The company submitted a combined 510(k) and CLIA waiver application for the BIOFIRE SPOTFIRE Vaginitis Panel, a diagnostic assay designed to produce eight distinct results from a single swab. The panel is configured to detect bacterial vaginosis, yeast and parasite pathogens, and is marketed with a reported turnaround time of 20 minutes.
In parallel with the U.S. filing, BioMerieux plans to submit the SPOTFIRE Vaginitis Panel for CE marking in the European Union as a Class C near-patient test under the In Vitro Diagnostic Regulation, known as IVDR. The firm has indicated an intention to pursue regulatory approvals across both jurisdictions.

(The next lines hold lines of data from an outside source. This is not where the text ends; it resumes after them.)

text \<open>Correct x and y by conjugates of their inverses supported in two disjoint intervals to
  the right of their supports; the corrections commute with everything else involved.\<close>
lemma comm_eq_comm_in_\<Gamma>':
  assumes x: "x \<in> \<Gamma>" and y: "y \<in> \<Gamma>"
  obtains x' y' a b where "x' \<in> \<Gamma>'" "y' \<in> \<Gamma>'" "supported_in x' {a..b}" "supported_in y' {a..b}"
    "comm x' y' = comm x y"
proof -
  obtain Rx Ry where Rx: "0 \<le> Rx" "supported_in x {-Rx..Rx}" and Ry: "supported_in y {-Ry..Ry}"
    using \<Gamma>_supported_in_interval x y by metis
  define R where "R = max Rx Ry"
  have supp: "supported_in x {-R..R}" "supported_in y {-R..R}"
    using Rx(2) Ry supported_in_mono unfolding R_def by fastforce+
  obtain e1 where e1: "x \<circ> e1 \<in> \<Gamma>'" "e1 \<in> carrier Homeo" "supported_in e1 {R + 1<..<R + 2}"
    using comp_far_copy_in_\<Gamma>'[OF x supp(1), of "R + 1" "R + 2"] by auto
  obtain e2 where e2: "y \<circ> e2 \<in> \<Gamma>'" "e2 \<in> carrier Homeo" "supported_in e2 {R + 3<..<R + 4}"
    using comp_far_copy_in_\<Gamma>'[OF y supp(2), of "R + 3" "R + 4"] by auto
  have xc: "x \<in> carrier Homeo" and yc: "y \<in> carrier Homeo" using x y \<Gamma>_carrier by auto
  have ye2: "y \<circ> e2 \<in> carrier Homeo" using Homeo_comp_closed[OF yc e2(2)] .
  have "supported_in (y \<circ> e2) ({-R..R} \<union> {R + 3<..<R + 4})"
    using supported_in_comp[OF supported_in_mono[OF supp(2) Un_upper1]
        supported_in_mono[OF e2(3) Un_upper2]] .
  then have "e1 \<circ> (y \<circ> e2) = (y \<circ> e2) \<circ> e1"
    by (rule disjoint_supports_commute[OF e1(2) ye2 e1(3)]) auto
  moreover have "e2 \<circ> x = x \<circ> e2"
    by (rule disjoint_supports_commute[OF e2(2) xc e2(3) supp(1)]) auto
  ultimately have comm_eq: "comm (x \<circ> e1) (y \<circ> e2) = comm x y"
    using comm_comp_left_commuting[OF xc ye2 e1(2)] comm_comp_right_commuting[OF xc yc e2(2)]
    by simp
  have "0 \<le> R" unfolding R_def using Rx(1) by simp
  then have sub: "{-R..R} \<subseteq> {-R..R + 4}" "{R + 1<..<R + 2} \<subseteq> {-R..R + 4}"
    "{R + 3<..<R + 4} \<subseteq> {-R..R + 4}"
    by auto
  have "supported_in (x \<circ> e1) {-R..R + 4}"
    using supported_in_comp[OF supported_in_mono[OF supp(1) sub(1)] supported_in_mono[OF e1(3) sub(2)]] .
  moreover have "supported_in (y \<circ> e2) {-R..R + 4}"
    using supported_in_comp[OF supported_in_mono[OF supp(2) sub(1)] supported_in_mono[OF e2(3) sub(3)]] .
  ultimately show thesis using that e1(1) e2(1) comm_eq by blast
qed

Market commentary on the filing timeline came from Morgan Stanley, which noted that the company’s submission schedule appears consistent with previously stated guidance. The brokerage group added that it would expect FDA clearance to occur in the Q4'26/Q1/27 period.
The filings cover two distinct regulatory pathways in the U.S. The 510(k) route is a premarket notification process and the CLIA waiver application seeks authorization that would permit use in settings with waived clinical laboratory status. The company’s dual approach aims to address both market access and operational settings for the test.
Investors reacted modestly to the announcement, with shares edging higher on the day. The filings and the stated timeline set a regulatory milestone for the SPOTFIRE Vaginitis Panel, while the planned CE marking submission signals parallel regulatory work in the EU.
As presented by the company, the SPOTFIRE Vaginitis Panel is designed to consolidate multiple pathogen detections into a single, rapid assay with a 20-minute turnaround and eight reported results from one specimen. The company has initiated formal steps with regulators in the U.S. and is preparing a CE marking submission under IVDR for a Class C near-patient designation in Europe.